Work required - A verbatim copy of the entries is the required answer.

[Start of section]

(* If $V=\langle v_1,\dots,v_\ell\rangle$ is a sequence of moves that can be applied (successively) to the distribution $\mu$, then $M_2[V\mu]\le M_2[\bar V\mu]$, where $\bar V$ is the sequence of extreme moves on the same intervals.
   Context: A distribution is a finite set $\{(x_1,m_1),\dots,(x_k,m_k)\}$, $m_i>0$; $\mu(A)=\sum_{x_i\in A}m_i$; $M_j[\mu]=\sum_im_ix_i^j$. A move $v=([a,b],\delta)$ has $\delta$ a signed distribution on $[a,b]$ with $M_0[\delta]=M_1[\delta]=0$; it applies to $\mu$ if $\mu+\delta$ is a distribution, and $v\mu=\mu+\delta$; $V\mu$ is the result of applying the moves in order. The extreme move $\bar v$ on $[a,b]$ maps $\mu$ to the distribution $\mu'$ with $\mu'\{a<x<b\}=0$, $\mu'(\{x\})=\mu(\{x\})$ for $x\notin[a,b]$, $M_0[\mu']=M_0[\mu]$, $M_1[\mu']=M_1[\mu]$. *)

theory Defs
  imports Main "HOL.Real"
begin

text \<open>A (signed) distribution is represented by its mass function real \<Rightarrow> real,
  with finite support: the pair (x_i, m_i) corresponds to mu x_i = m_i.\<close>

type_synonym distr = "real \<Rightarrow> real"

definition supp :: "distr \<Rightarrow> real set" where
  "supp \<mu> = {x. \<mu> x \<noteq> 0}"

definition is_distribution :: "distr \<Rightarrow> bool" where
  "is_distribution \<mu> \<longleftrightarrow> finite (supp \<mu>) \<and> (\<forall>x. 0 \<le> \<mu> x)"

definition mass :: "distr \<Rightarrow> real set \<Rightarrow> real" where
  "mass \<mu> A = (\<Sum>x\<in>supp \<mu> \<inter> A. \<mu> x)"

definition moment :: "nat \<Rightarrow> distr \<Rightarrow> real" where
  "moment j \<mu> = (\<Sum>x\<in>supp \<mu>. \<mu> x * x ^ j)"

text \<open>A move ([a,b], delta) is represented as the triple (a, b, delta).\<close>

type_synonym move = "real \<times> real \<times> distr"

definition is_move :: "move \<Rightarrow> bool" where
  "is_move v \<longleftrightarrow> (case v of (a, b, \<delta>) \<Rightarrow>
      a \<le> b \<and> finite (supp \<delta>) \<and> supp \<delta> \<subseteq> {a..b}
      \<and> moment 0 \<delta> = 0 \<and> moment 1 \<delta> = 0)"

definition apply_move :: "move \<Rightarrow> distr \<Rightarrow> distr" where
  "apply_move v \<mu> = (case v of (a, b, \<delta>) \<Rightarrow> (\<lambda>x. \<mu> x + \<delta> x))"

definition move_applies :: "move \<Rightarrow> distr \<Rightarrow> bool" where
  "move_applies v \<mu> \<longleftrightarrow> is_distribution (apply_move v \<mu>)"

fun moves_apply :: "move list \<Rightarrow> distr \<Rightarrow> bool" where
  "moves_apply [] \<mu> = True"
| "moves_apply (v # vs) \<mu> = (move_applies v \<mu> \<and> moves_apply vs (apply_move v \<mu>))"

fun apply_moves :: "move list \<Rightarrow> distr \<Rightarrow> distr" where
  "apply_moves [] \<mu> = \<mu>"
| "apply_moves (v # vs) \<mu> = apply_moves vs (apply_move v \<mu>)"

definition extreme_result :: "real \<Rightarrow> real \<Rightarrow> distr \<Rightarrow> distr \<Rightarrow> bool" where
  "extreme_result a b \<mu> \<mu>' \<longleftrightarrow>
     is_distribution \<mu>' \<and> mass \<mu>' {a<..<b} = 0
     \<and> (\<forall>x. x \<notin> {a..b} \<longrightarrow> \<mu>' x = \<mu> x)
     \<and> moment 0 \<mu>' = moment 0 \<mu> \<and> moment 1 \<mu>' = moment 1 \<mu>"

definition extreme_move :: "real \<Rightarrow> real \<Rightarrow> distr \<Rightarrow> distr" where
  "extreme_move a b \<mu> = (THE \<mu>'. extreme_result a b \<mu> \<mu>')"

fun apply_extreme_moves :: "move list \<Rightarrow> distr \<Rightarrow> distr" where
  "apply_extreme_moves [] \<mu> = \<mu>"
| "apply_extreme_moves ((a, b, \<delta>) # vs) \<mu> = apply_extreme_moves vs (extreme_move a b \<mu>)"

end

theory Submission
  imports Defs "HOL-Analysis.Convex"
begin

(* Write  E[mu] f  for the integral of f against a finitely supported mass
   function, and say that mu is dominated by nu in the convex order if E[mu] f <= E[nu] f for
   every convex f : real => real.  Since x^2 is convex, the theorem follows once we show that
   V mu is dominated by Vbar mu.  This is proved by induction along the list of moves, from the
   one-step statement:

     if mu <= nu in the convex order, a move ([a,b], delta) applies to mu, and nu' is the
     extreme move on [a,b] applied to nu, then mu + delta <= nu' in the convex order.

   For a convex f, let g = max f l, where l is the chord of f over [a,b].  Then g is convex,
   f <= g, g is affine on [a,b] and g = f off (a,b).  Signed masses on [a,b] with vanishing
   zeroth and first moments (delta and nu - nu') integrate affine functions to 0, hence
     E[mu+delta] f <= E[mu+delta] g = E[mu] g <= E[nu] g = E[nu'] g = E[nu'] f,
   the last step because nu' carries no mass in (a,b). *)


section \<open>Integration against finitely supported mass functions\<close>

definition expect :: "distr \<Rightarrow> (real \<Rightarrow> real) \<Rightarrow> real" where
  "expect \<mu> f = (\<Sum>x\<in>supp \<mu>. \<mu> x * f x)"

lemma moment_eq_expect: "moment j \<mu> = expect \<mu> (\<lambda>x. x ^ j)"
  by (simp add: moment_def expect_def)

lemma expect_eq_sum:
  assumes "finite A" "supp \<mu> \<subseteq> A"
  shows "expect \<mu> f = (\<Sum>x\<in>A. \<mu> x * f x)"
  unfolding expect_def
  by (rule sum.mono_neutral_left) (use assms in \<open>auto simp: supp_def\<close>)

lemma finite_supp_add:
  assumes "finite (supp \<mu>)" "finite (supp \<nu>)"
  shows "finite (supp (\<lambda>x. \<mu> x + \<nu> x))"
  by (rule finite_subset[of _ "supp \<mu> \<union> supp \<nu>"]) (use assms in \<open>auto simp: supp_def\<close>)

[End of section]

Response -
(* If $V=\langle v_1,\dots,v_\ell\rangle$ is a sequence of moves that can be applied (successively) to the distribution $\mu$, then $M_2[V\mu]\le M_2[\bar V\mu]$, where $\bar V$ is the sequence of extreme moves on the same intervals.
   Context: A distribution is a finite set $\{(x_1,m_1),\dots,(x_k,m_k)\}$, $m_i>0$; $\mu(A)=\sum_{x_i\in A}m_i$; $M_j[\mu]=\sum_im_ix_i^j$. A move $v=([a,b],\delta)$ has $\delta$ a signed distribution on $[a,b]$ with $M_0[\delta]=M_1[\delta]=0$; it applies to $\mu$ if $\mu+\delta$ is a distribution, and $v\mu=\mu+\delta$; $V\mu$ is the result of applying the moves in order. The extreme move $\bar v$ on $[a,b]$ maps $\mu$ to the distribution $\mu'$ with $\mu'\{a<x<b\}=0$, $\mu'(\{x\})=\mu(\{x\})$ for $x\notin[a,b]$, $M_0[\mu']=M_0[\mu]$, $M_1[\mu']=M_1[\mu]$. *)

theory Defs
  imports Main "HOL.Real"
begin

text \<open>A (signed) distribution is represented by its mass function real \<Rightarrow> real,
  with finite support: the pair (x_i, m_i) corresponds to mu x_i = m_i.\<close>

type_synonym distr = "real \<Rightarrow> real"

definition supp :: "distr \<Rightarrow> real set" where
  "supp \<mu> = {x. \<mu> x \<noteq> 0}"

definition is_distribution :: "distr \<Rightarrow> bool" where
  "is_distribution \<mu> \<longleftrightarrow> finite (supp \<mu>) \<and> (\<forall>x. 0 \<le> \<mu> x)"

definition mass :: "distr \<Rightarrow> real set \<Rightarrow> real" where
  "mass \<mu> A = (\<Sum>x\<in>supp \<mu> \<inter> A. \<mu> x)"

definition moment :: "nat \<Rightarrow> distr \<Rightarrow> real" where
  "moment j \<mu> = (\<Sum>x\<in>supp \<mu>. \<mu> x * x ^ j)"

text \<open>A move ([a,b], delta) is represented as the triple (a, b, delta).\<close>

type_synonym move = "real \<times> real \<times> distr"

definition is_move :: "move \<Rightarrow> bool" where
  "is_move v \<longleftrightarrow> (case v of (a, b, \<delta>) \<Rightarrow>
      a \<le> b \<and> finite (supp \<delta>) \<and> supp \<delta> \<subseteq> {a..b}
      \<and> moment 0 \<delta> = 0 \<and> moment 1 \<delta> = 0)"

definition apply_move :: "move \<Rightarrow> distr \<Rightarrow> distr" where
  "apply_move v \<mu> = (case v of (a, b, \<delta>) \<Rightarrow> (\<lambda>x. \<mu> x + \<delta> x))"

definition move_applies :: "move \<Rightarrow> distr \<Rightarrow> bool" where
  "move_applies v \<mu> \<longleftrightarrow> is_distribution (apply_move v \<mu>)"

fun moves_apply :: "move list \<Rightarrow> distr \<Rightarrow> bool" where
  "moves_apply [] \<mu> = True"
| "moves_apply (v # vs) \<mu> = (move_applies v \<mu> \<and> moves_apply vs (apply_move v \<mu>))"

fun apply_moves :: "move list \<Rightarrow> distr \<Rightarrow> distr" where
  "apply_moves [] \<mu> = \<mu>"
| "apply_moves (v # vs) \<mu> = apply_moves vs (apply_move v \<mu>)"

definition extreme_result :: "real \<Rightarrow> real \<Rightarrow> distr \<Rightarrow> distr \<Rightarrow> bool" where
  "extreme_result a b \<mu> \<mu>' \<longleftrightarrow>
     is_distribution \<mu>' \<and> mass \<mu>' {a<..<b} = 0
     \<and> (\<forall>x. x \<notin> {a..b} \<longrightarrow> \<mu>' x = \<mu> x)
     \<and> moment 0 \<mu>' = moment 0 \<mu> \<and> moment 1 \<mu>' = moment 1 \<mu>"

definition extreme_move :: "real \<Rightarrow> real \<Rightarrow> distr \<Rightarrow> distr" where
  "extreme_move a b \<mu> = (THE \<mu>'. extreme_result a b \<mu> \<mu>')"

fun apply_extreme_moves :: "move list \<Rightarrow> distr \<Rightarrow> distr" where
  "apply_extreme_moves [] \<mu> = \<mu>"
| "apply_extreme_moves ((a, b, \<delta>) # vs) \<mu> = apply_extreme_moves vs (extreme_move a b \<mu>)"

end

theory Submission
  imports Defs "HOL-Analysis.Convex"
begin

(* Write  E[mu] f  for the integral of f against a finitely supported mass
   function, and say that mu is dominated by nu in the convex order if E[mu] f <= E[nu] f for
   every convex f : real => real.  Since x^2 is convex, the theorem follows once we show that
   V mu is dominated by Vbar mu.  This is proved by induction along the list of moves, from the
   one-step statement:

     if mu <= nu in the convex order, a move ([a,b], delta) applies to mu, and nu' is the
     extreme move on [a,b] applied to nu, then mu + delta <= nu' in the convex order.

   For a convex f, let g = max f l, where l is the chord of f over [a,b].  Then g is convex,
   f <= g, g is affine on [a,b] and g = f off (a,b).  Signed masses on [a,b] with vanishing
   zeroth and first moments (delta and nu - nu') integrate affine functions to 0, hence
     E[mu+delta] f <= E[mu+delta] g = E[mu] g <= E[nu] g = E[nu'] g = E[nu'] f,
   the last step because nu' carries no mass in (a,b). *)


section \<open>Integration against finitely supported mass functions\<close>

definition expect :: "distr \<Rightarrow> (real \<Rightarrow> real) \<Rightarrow> real" where
  "expect \<mu> f = (\<Sum>x\<in>supp \<mu>. \<mu> x * f x)"

lemma moment_eq_expect: "moment j \<mu> = expect \<mu> (\<lambda>x. x ^ j)"
  by (simp add: moment_def expect_def)

lemma expect_eq_sum:
  assumes "finite A" "supp \<mu> \<subseteq> A"
  shows "expect \<mu> f = (\<Sum>x\<in>A. \<mu> x * f x)"
  unfolding expect_def
  by (rule sum.mono_neutral_left) (use assms in \<open>auto simp: supp_def\<close>)

lemma finite_supp_add:
  assumes "finite (supp \<mu>)" "finite (supp \<nu>)"
  shows "finite (supp (\<lambda>x. \<mu> x + \<nu> x))"
  by (rule finite_subset[of _ "supp \<mu> \<union> supp \<nu>"]) (use assms in \<open>auto simp: supp_def\<close>)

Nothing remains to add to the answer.